Transparent polycrystalline ceramics exhibit improved heat resistant and strength compared to single crystals, even though they have lower visible transmittance.^1,2 There is growing interest in applying such ceramic-based materials in biomedicine and biomaterials, particularly in the application of direct observation of bone matrix in vitro on bioceramics and percutaneous devices.^3,4 A transparent ceramic should have a compact and pore-less microstructure since pores often contribute to opacity in a ceramic.^2,5,6 However, it is a challenge to achieve full densification of polycrystalline ceramics since both a good vacuum level, as well as high temperature and pressure are required during fabrication.⁷ Efforts should be considered and made to minimize light scattering to achieve transparency in a ceramic.

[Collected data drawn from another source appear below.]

(* Let $n$ be a positive integer, let $p\ge q$ be positive integers, and let $B$ be a $p\times q$ matrix. For each positive divisor $k$ of $n$, let $F_k$ be the symmetric block matrix of size $kq+\frac{n}{k}p$ whose block rows and columns have sizes, in order, $p$, then $q$ repeated $k$ times, then $p$ repeated $\frac{n}{k}-1$ times; the block in a size-$p$ block row and a size-$q$ block column is $B$, the block in a size-$q$ block row and a size-$p$ block column is $B^T$, and all other blocks are zero. That is, $$F_k=\begin{bmatrix} 0 & B & \cdots & B & 0 & \cdots & 0\\ B^T & 0 & \cdots & 0 & B^T & \cdots & B^T\\ \vdots & \vdots & \ddots & \vdots & \vdots & \ddots & \vdots\\ B^T & 0 & \cdots & 0 & B^T & \cdots & B^T\\ 0 & B & \cdots & B & 0 & \cdots & 0\\ \vdots & \vdots & \ddots & \vdots & \vdots & \ddots & \vdots\\ 0 & B & \cdots & B & 0 & \cdots & 0\end{bmatrix}.$$ Then the matrices $F_k\oplus 0_{(n-\frac{n}{k})p+(1-k)q}$, as $k$ ranges over all positive divisors of $n$, are pairwise cospectral.
   Context: For matrices $X,Y$, $X\oplus Y=\begin{bmatrix} X&0\\0&Y\end{bmatrix}$; $0_m$ is the $m\times m$ zero matrix. Two square matrices are cospectral if they have the same eigenvalues with the same multiplicities. *)

theory Defs
  imports "Jordan_Normal_Form.Jordan_Normal_Form"
begin

definition dsum :: "'a::zero mat \<Rightarrow> 'a mat \<Rightarrow> 'a mat" where
  "dsum X Y = four_block_mat X (0\<^sub>m (dim_row X) (dim_col Y)) (0\<^sub>m (dim_row Y) (dim_col X)) Y"

text \<open>Cospectral: square matrices of the same size whose eigenvalues agree with
  (algebraic) multiplicities, i.e. every scalar has the same multiplicity as a root
  of the characteristic polynomial.\<close>
definition cospectral :: "'a::idom mat \<Rightarrow> 'a mat \<Rightarrow> bool" where
  "cospectral X Y \<longleftrightarrow> square_mat X \<and> square_mat Y \<and> dim_row X = dim_row Y \<and>
     (\<forall>c. order c (char_poly X) = order c (char_poly Y))"

text \<open>Index i lies in a "p-block" iff i < p or i >= p + k*q; its offset inside its block
  is given by offP, resp. offQ for "q-blocks".\<close>
definition Fk :: "nat \<Rightarrow> nat \<Rightarrow> 'a::zero mat \<Rightarrow> 'a mat" where
  "Fk n k B = (let p = dim_row B; q = dim_col B; N = k * q + (n div k) * p;
     isP = (\<lambda>i. i < p \<or> p + k * q \<le> i);
     offP = (\<lambda>i. if i < p then i else (i - p - k * q) mod p);
     offQ = (\<lambda>i. (i - p) mod q)
   in mat N N (\<lambda>(i, j).
        if isP i \<and> \<not> isP j then B $$ (offP i, offQ j)
        else if \<not> isP i \<and> isP j then B $$ (offP j, offQ i)
        else 0))"

text \<open>Size of the zero padding: (n - n/k) p + (1 - k) q, which is a nonnegative
  integer whenever p \<ge> q and k divides n (written with nat arithmetic).\<close>
definition pad_size :: "nat \<Rightarrow> nat \<Rightarrow> nat \<Rightarrow> nat \<Rightarrow> nat" where
  "pad_size n k p q = (n - n div k) * p + q - k * q"

end

theory Submission
  imports Defs
begin

text \<open>Every row and column of F_k \<oplus> 0 is either zero or a copy of a row or column of
  X = [[0, B], [B^T, 0]]: the first p rows of X are copied n/k times, the last q rows k times.
  So F_k \<oplus> 0 = S X S^T for a 0/1 matrix S with np + q rows and p + q columns, and
  S^T S = diag(n/k, ..., n/k, k, ..., k). Sylvester's identity
  x^(p+q) \<chi>(S X S^T) = x^(np+q) \<chi>(X S^T S) reduces the characteristic polynomial of
  F_k \<oplus> 0 to that of [[0, kB], [(n/k) B^T, 0]], and a diagonal similarity turns this
  matrix into [[0, nB], [B^T, 0]], which no longer depends on k.\<close>

lemma char_poly_matrix_mult:
  fixes U :: "'a::comm_ring_1 mat"
  assumes U: "U \<in> carrier_mat a b" and V: "V \<in> carrier_mat b a"
  shows "char_poly_matrix (U * V) =
    [:0,1:] \<cdot>\<^sub>m 1\<^sub>m a - map_mat (\<lambda>x. [:x:]) U * map_mat (\<lambda>x. [:x:]) V"
proof -
  interpret const: comm_ring_hom "\<lambda>x::'a. [:x:]"
    by unfold_locales (auto simp: one_pCons)
  show ?thesis
    unfolding char_poly_matrix_def const.mat_hom_mult[OF U V, symmetric]
    using U V by (intro eq_matI) auto
qed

Hydroxyapatite (HA), considered as a polycrystalline ceramic biomaterial having bioactive and biocompatible properties, has been widely used in interdisciplinary fields of science including physics, chemistry, biology, and medicine.^8–11 HA exhibits osteoconductive, non-toxic and non-immunogenic properties especially in the repair of bones and teeth.^12,13 However, it is difficult to directly observe HA-cell or HA-tissue interactions with conventional light microscopy methods because HA is normally opaque. Making an HA ceramic transparent will therefore extend its biomedical applications. For example, Takikawa et al.¹⁴ observed bone matrix formation on transparent HA ceramics simply and dynamically using light microscopy, and John et al.¹⁵ investigated bone remodeling on transparent HA ceramic. Furthermore, a transparent HA ceramic can be a good candidate for percutaneous devices since it can work as a window for observation of changes inside. Also, several research groups are continuously investigating the growth of osteoblast or osteoblast-like cells on transparent hydroxyapatite ceramics.^16,17 Aoki et al.¹⁸ used HA device for long-term blood pressure and deep body temperature detection. In fact, for better detection by modern bio-imaging optical techniques, the transparent HA ceramics can play significant roles here for its excellent biocompatibility. Fujimori et al.¹⁶ detected osteogenic differentiation cascade of living stem cells on transparent HA ceramics. Thus, transparent HA ceramics can function as windows to track instant biological changes. Generally, to achieve transparent HA ceramics, densification is essential to reduce the porosity. Recently, spark plasma sintering (SPS),^7,19,20 hot isostatic pressing (HIP),^21–23 and pressure-less sintering (PLS)²⁴ are examples of hydrothermal methods that have been recently used. For instance, Roy et al.²⁵ fabricated transparent hydroxyapatite ceramics at ambient-pressure pressure by microwave processing as well as by conventional sintering. Watanabe et al.²⁶ fabricated transparent HA by pulse electric current sintering method.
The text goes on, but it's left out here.